The budget would transform Medicaid, the federal-state health-care program for the poor, by limiting per capita payments or allowing states to turn it into a block-grant program — the same approach House Republicans took in their legislation that passed last year to repeal the Affordable Care Act (the repeal effort died in the Senate, but the GOP budget assumes that the repeal takes place). It also proposes adding work requirements for certain adults enrolled in Medicaid. Changes to Medicaid and other health programs would account for $1.5 trillion in savings.
Social Security comes in for more modest cuts of $4 billion over the decade, which the budget projects could be reached by eliminating concurrent receipt of unemployment benefits and Social Security disability insurance…” https://www.msn.com/en-us/news/politics/house-gop-plan-would-cut-medicare-medicaid-to-balance-budget/ar-AAySglD
zhena gogolia
My young Moscow friend said it was great to have happy, singing foreigners in the metro instead of “gloomy Russians.” She said, “I guess you’re used to Mexican citizens, but I was so cheered by the Mexican people on the escalators in the metro singing cheerful songs.” I told her our Mexican citizens weren’t singing right now.
Platonailedit
Both teams are very fast and Morocco are unlucky with close finishes.
Chyron HR
And Wednesdays at 3 PM the dissidents accidentally fall out of windows–bring an umbrella!
JMG
FWIW, my children report having a lovely time in Moscow and environs this week.
Joel
Beijing and Shanghai are very cosmopolitan, too. But that doesn’t change the actions of the Chinese government.
Cermet
Pastries? What goes for pastries in Moscow?
Amir Khalid
I think Saudi Arabia are going to lose their second group match (of three) tonight and get knocked out. Morocco too. Iran, however, are leading Group B and if they win again (which would admittedly be a big upset) they’re safely in the last 16.
smintheus
I’ll bet the trains in Putin’s Russia run on time too.
Origuy
@Cermet: There’s a chain of restaurants all over Moscow called Shokoladnitsa. Their specialty is chocolate blinis. I ate there several times when I was there in 2013.

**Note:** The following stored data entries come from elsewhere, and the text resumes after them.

(* Let $n\ge1$, $1\le i\le n$ be integers, $\alpha,\beta>0$, $\tau\ge0$ with $i\beta(\tau+1)>\tau$. Then $$\xi^{(i)}_\tau(\alpha)=\int_0^\infty\frac{\partial}{\partial\alpha}\log f^{(i)}_{\alpha,\beta}(x)\, f^{(i)}_{\alpha,\beta}(x)^{\tau+1}\,dx=c(i,n)^{\tau+1}\left(\frac{\beta}{\alpha}\right)^{\tau+1}B\!\left(\frac{(n-i+1)\tau\beta+(n-i+1)\beta+\tau}{\beta},\frac{i\tau\beta+i\beta-\tau}{\beta}\right)\left(\frac{-\tau}{\beta+\tau\beta}\right),$$ and $K^{(i)}_\tau(\alpha)=J^{(i)}_{2\tau}(\alpha)-\xi^{(i)}_\tau(\alpha)^2$.
   Context: $c(i,n)=\frac{n!}{(n-i)!(i-1)!}$ and $f^{(i)}_{\alpha,\beta}(x)=\frac{c(i,n)\beta (x/\alpha)^{i\beta-1}}{\alpha(1+(x/\alpha)^\beta)^{n+1}}$, $x>0$, is the density of the $i$-th order statistic of a sample of size $n$ from the log-logistic distribution with scale $\alpha$ and shape $\beta$. Derivatives are with respect to $\alpha$ with $\beta$ known. $J^{(i)}_\tau(\alpha)=\int_0^\infty(\partial_\alpha\log f^{(i)}_{\alpha,\beta})^2 (f^{(i)}_{\alpha,\beta})^{\tau+1}dx$, and $K^{(i)}_\tau(\alpha)$ denotes the quantity $J^{(i)}_{2\tau}(\alpha)-\xi^{(i)}_\tau(\alpha)^2$. $B$ is the Beta function. *)

theory Defs
  imports "HOL-Analysis.Analysis"
begin

definition cst :: "nat \<Rightarrow> nat \<Rightarrow> real" where
  "cst i n = fact n / (fact (n - i) * fact (i - 1))"

text \<open>Density of the i-th order statistic of a log-logistic sample of size n,
  scale alpha, shape beta, for x > 0.\<close>
definition fos :: "nat \<Rightarrow> nat \<Rightarrow> real \<Rightarrow> real \<Rightarrow> real \<Rightarrow> real" where
  "fos i n \<alpha> \<beta> x =
     cst i n * \<beta> * (x / \<alpha>) powr (real i * \<beta> - 1)
     / (\<alpha> * (1 + (x / \<alpha>) powr \<beta>) ^ (n + 1))"

definition score :: "nat \<Rightarrow> nat \<Rightarrow> real \<Rightarrow> real \<Rightarrow> real \<Rightarrow> real" where
  "score i n \<alpha> \<beta> x = deriv (\<lambda>a. ln (fos i n a \<beta> x)) \<alpha>"

definition xi :: "nat \<Rightarrow> nat \<Rightarrow> real \<Rightarrow> real \<Rightarrow> real \<Rightarrow> real" where
  "xi i n \<tau> \<alpha> \<beta> =
     (LINT x:{0<..}|lborel. score i n \<alpha> \<beta> x * fos i n \<alpha> \<beta> x powr (\<tau> + 1))"

definition J :: "nat \<Rightarrow> nat \<Rightarrow> real \<Rightarrow> real \<Rightarrow> real \<Rightarrow> real" where
  "J i n \<tau> \<alpha> \<beta> =
     (LINT x:{0<..}|lborel. (score i n \<alpha> \<beta> x)\<^sup>2 * fos i n \<alpha> \<beta> x powr (\<tau> + 1))"

definition K :: "nat \<Rightarrow> nat \<Rightarrow> real \<Rightarrow> real \<Rightarrow> real \<Rightarrow> real" where
  "K i n \<tau> \<alpha> \<beta> = J i n (2 * \<tau>) \<alpha> \<beta> - (xi i n \<tau> \<alpha> \<beta>)\<^sup>2"

end

theory Submission
  imports Defs
begin

(* The substitution s = F(x), with F the log-logistic distribution function of scale alpha and
   shape beta, carries the integral over (0, oo) to one over (0, 1). Since
   f_(i) = c F^(i-1) (1 - F)^(n-i) f and f = (beta/alpha) F^(1-1/beta) (1 - F)^(1+1/beta),
   the (tau+1)-st power of f_(i) is f times a Beta kernel in F, and the score is affine in F:
   d/d alpha log f_(i) = ((n+1) beta F - i beta) / alpha. Hence xi is a combination of
   B(a, b) and B(a + 1, b) = a/(a+b) B(a, b), which collapses to the stated multiple of B(a, b). *)

definition loglogistic_cdf :: "real \<Rightarrow> real \<Rightarrow> real \<Rightarrow> real" where
  "loglogistic_cdf \<alpha> \<beta> x = (x / \<alpha>) powr \<beta> / (1 + (x / \<alpha>) powr \<beta>)"

definition loglogistic_pdf :: "real \<Rightarrow> real \<Rightarrow> real \<Rightarrow> real" where
  "loglogistic_pdf \<alpha> \<beta> x = \<beta> / \<alpha> * (x / \<alpha>) powr (\<beta> - 1) / (1 + (x / \<alpha>) powr \<beta>)\<^sup>2"

lemma one_plus_powr_pos: "0 < 1 + (y :: real) powr p"
  by (simp add: add_pos_nonneg)

lemma loglogistic_cdf_bounds:
  assumes "\<alpha> > 0" "x > 0"
  shows "0 < loglogistic_cdf \<alpha> \<beta> x" "loglogistic_cdf \<alpha> \<beta> x < 1"
  using assms one_plus_powr_pos [of "x / \<alpha>" \<beta>] by (simp_all add: loglogistic_cdf_def)

lemma one_minus_loglogistic_cdf:
  "1 - loglogistic_cdf \<alpha> \<beta> x = 1 / (1 + (x / \<alpha>) powr \<beta>)"
  using one_plus_powr_pos [of "x / \<alpha>" \<beta>] by (simp add: loglogistic_cdf_def field_simps)

lemma loglogistic_cdf_powr_mult_powr:
  assumes "\<alpha> > 0" "x > 0"
  shows "loglogistic_cdf \<alpha> \<beta> x powr p * (1 - loglogistic_cdf \<alpha> \<beta> x) powr q
           = (x / \<alpha>) powr (\<beta> * p) / (1 + (x / \<alpha>) powr \<beta>) powr (p + q)"
proof -
  define u where "u = x / \<alpha>"
  define t where "t = 1 + u powr \<beta>"
  have "u > 0" "t > 0"
    using assms by (simp_all add: u_def t_def one_plus_powr_pos)
  then have "(u powr \<beta> / t) powr p * (1 / t) powr q = u powr (\<beta> * p) / t powr (p + q)"
    by (simp add: powr_divide powr_powr powr_add)
  then show ?thesis
    by (simp only: one_minus_loglogistic_cdf) (simp only: loglogistic_cdf_def u_def t_def)
qed

lemma loglogistic_cdf_has_real_derivative:
  assumes "\<alpha> > 0" "x > 0"
  shows "(loglogistic_cdf \<alpha> \<beta> has_real_derivative loglogistic_pdf \<alpha> \<beta> x) (at x)"
  using assms one_plus_powr_pos [of "x / \<alpha>" \<beta>]
  unfolding loglogistic_cdf_def [abs_def] loglogistic_pdf_def
  by (auto intro!: derivative_eq_intros simp: field_simps power2_eq_square)

lemma bij_betw_loglogistic_cdf:
  assumes "\<alpha> > 0" "\<beta> > 0"
  shows "bij_betw (loglogistic_cdf \<alpha> \<beta>) {0<..} {0<..<1}"
proof (rule bij_betw_byWitness [where f' = "\<lambda>y. \<alpha> * (y / (1 - y)) powr (1 / \<beta>)"])
  have odds: "loglogistic_cdf \<alpha> \<beta> x / (1 - loglogistic_cdf \<alpha> \<beta> x) = (x / \<alpha>) powr \<beta>" for x
    using one_plus_powr_pos [of "x / \<alpha>" \<beta>]
    by (simp only: one_minus_loglogistic_cdf) (simp add: loglogistic_cdf_def)
  show "\<forall>x\<in>{0<..}. \<alpha> * (loglogistic_cdf \<alpha> \<beta> x / (1 - loglogistic_cdf \<alpha> \<beta> x)) powr (1 / \<beta>) = x"
    using assms by (simp add: odds powr_powr)
  show "\<forall>y\<in>{0<..<1}. loglogistic_cdf \<alpha> \<beta> (\<alpha> * (y / (1 - y)) powr (1 / \<beta>)) = y"
    using assms by (auto simp: loglogistic_cdf_def powr_powr field_simps)
  show "loglogistic_cdf \<alpha> \<beta> ` {0<..} \<subseteq> {0<..<1}"
    using assms loglogistic_cdf_bounds by auto
  show "(\<lambda>y. \<alpha> * (y / (1 - y)) powr (1 / \<beta>)) ` {0<..<1} \<subseteq> {0<..}"
    using assms by auto
qed

lemma loglogistic_pdf_pos:
  assumes "\<alpha> > 0" "\<beta> > 0" "x > 0"
  shows "loglogistic_pdf \<alpha> \<beta> x > 0"
  using assms one_plus_powr_pos [of "x / \<alpha>" \<beta>] by (simp add: loglogistic_pdf_def)

lemma loglogistic_pdf_eq_cdf:
  assumes "\<alpha> > 0" "\<beta> > 0" "x > 0"
  shows "loglogistic_pdf \<alpha> \<beta> x = \<beta> / \<alpha> * loglogistic_cdf \<alpha> \<beta> x powr (1 - 1 / \<beta>)
           * (1 - loglogistic_cdf \<alpha> \<beta> x) powr (1 + 1 / \<beta>)"
proof -
  have "\<beta> * (1 - 1 / \<beta>) = \<beta> - 1" "(1 - 1 / \<beta>) + (1 + 1 / \<beta>) = 2"
    using assms by (simp_all add: field_simps)
  then show ?thesis
    using assms one_plus_powr_pos [of "x / \<alpha>" \<beta>]
    by (simp add: mult.assoc loglogistic_cdf_powr_mult_powr loglogistic_pdf_def)
qed

lemma loglogistic_substitution:
  assumes "\<alpha> > 0" "\<beta> > 0"
    and h: "h absolutely_integrable_on {0<..<1}" and [measurable]: "h \<in> borel_measurable borel"
  shows "set_integrable lborel {0<..} (\<lambda>x. loglogistic_pdf \<alpha> \<beta> x * h (loglogistic_cdf \<alpha> \<beta> x))"
    and "(LINT x:{0<..}|lborel. loglogistic_pdf \<alpha> \<beta> x * h (loglogistic_cdf \<alpha> \<beta> x))
           = integral {0<..<1} h"
proof -
  let ?f = "\<lambda>x. loglogistic_pdf \<alpha> \<beta> x * h (loglogistic_cdf \<alpha> \<beta> x)"
  let ?g = "\<lambda>x. \<bar>loglogistic_pdf \<alpha> \<beta> x\<bar> * h (loglogistic_cdf \<alpha> \<beta> x)"
  have eq: "?g x = ?f x" if "x \<in> {0<..}" for x
    using loglogistic_pdf_pos [of \<alpha> \<beta> x] assms that by simp
  have "?g absolutely_integrable_on {0<..} \<and> integral {0<..} ?g = integral {0<..<1} h"
    using h bij_betw_loglogistic_cdf [OF assms(1,2)] assms(1)
    by (subst has_absolute_integral_change_of_variables_1')
       (auto simp: bij_betw_def intro: has_field_derivative_at_within loglogistic_cdf_has_real_derivative)
  moreover have "?g absolutely_integrable_on {0<..} \<longleftrightarrow> ?f absolutely_integrable_on {0<..}"
    by (rule set_integrable_cong) (simp_all add: eq)
  moreover have "integral {0<..} ?g = integral {0<..} ?f"
    by (rule integral_cong) (rule eq)
  ultimately have "?f absolutely_integrable_on {0<..}" and f_integral: "integral {0<..} ?f = integral {0<..<1} h"
    by simp_all
  moreover have "set_borel_measurable lborel {0<..} ?f"
    unfolding set_borel_measurable_def loglogistic_pdf_def loglogistic_cdf_def by measurable
  ultimately show integrable: "set_integrable lborel {0<..} ?f"
    unfolding set_integrable_def set_borel_measurable_def
    by (subst integrable_completion [symmetric]) auto
  show "(LINT x:{0<..}|lborel. ?f x) = integral {0<..<1} h"
    using set_borel_integral_eq_integral(2) [OF integrable] f_integral by simp
qed
lemma measure_closed_eq_if_integral_continuous_eq:
  fixes F :: "'a::metric_space set"
  assumes \<sigma>1: "\<sigma>1 \<in> Mplus" and \<sigma>2: "\<sigma>2 \<in> Mplus"
    and F: "closed F" "F \<noteq> {}"
    and eq: "\<And>f. continuous_on UNIV (f :: 'a \<Rightarrow> real) \<Longrightarrow> (\<integral>x. f x \<partial>\<sigma>1) = (\<integral>x. f x \<partial>\<sigma>2)"
  shows "measure \<sigma>1 F = measure \<sigma>2 F"
proof -
  define g where "g n x = max 0 (1 - real n * infdist x F)" for n x
  have g_cont: "continuous_on UNIV (g n)" for n
    unfolding g_def by (intro continuous_intros)
  have g_lim: "(\<lambda>n. g n x) \<longlonglongrightarrow> indicator F x" for x
    unfolding g_def using F by (rule LIMSEQ_max_infdist_indicator)
  have lim: "(\<lambda>n. \<integral>x. g n x \<partial>\<sigma>) \<longlonglongrightarrow> measure \<sigma> F" if \<sigma>: "\<sigma> \<in> Mplus" for \<sigma>
  proof -
    interpret finite_measure \<sigma> using finite_measure_Mplus[OF \<sigma>] .
    have "(\<lambda>n. \<integral>x. g n x \<partial>\<sigma>) \<longlonglongrightarrow> (\<integral>x. indicator F x \<partial>\<sigma>)"
    proof (rule integral_dominated_convergence[where w="\<lambda>_. 1"])
      show "(\<lambda>x. indicator F x :: real) \<in> borel_measurable \<sigma>"
        using F(1) by (intro borel_measurable_indicator) (simp add: sets_Mplus[OF \<sigma>])
      show "g n \<in> borel_measurable \<sigma>" for n
        by (rule borel_measurable_continuous_Mplus[OF \<sigma> g_cont])
      show "AE x in \<sigma>. norm (g n x) \<le> 1" for n
        by (intro AE_I2) (simp add: g_def infdist_nonneg)
    qed (simp_all add: g_lim)
    then show ?thesis
      using F sets_Mplus[OF \<sigma>] space_Mplus[OF \<sigma>] by simp
  qed
  from lim[OF \<sigma>1] lim[OF \<sigma>2] show ?thesis
    unfolding eq[OF g_cont] by (rule LIMSEQ_unique)
qed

I’ve been meaning to put a set of pictures together to send to Alain. I was there in winter and stayed with a friend of a friend. Not the usual tourist visit.
Origuy
Food porn. Pictures of the desserts at Чоколадница.
Moderation? For Cyrillic?
Gin & Tonic
@Origuy:
Yes. That’s a new feature here, as gogol’s wife and I have found out. Doesn’t matter what the text is.
Origuy
@Gin & Tonic:I’ll have to remember that. I thought maybe it was the word “p0rn”. I spelled the word wrong, too.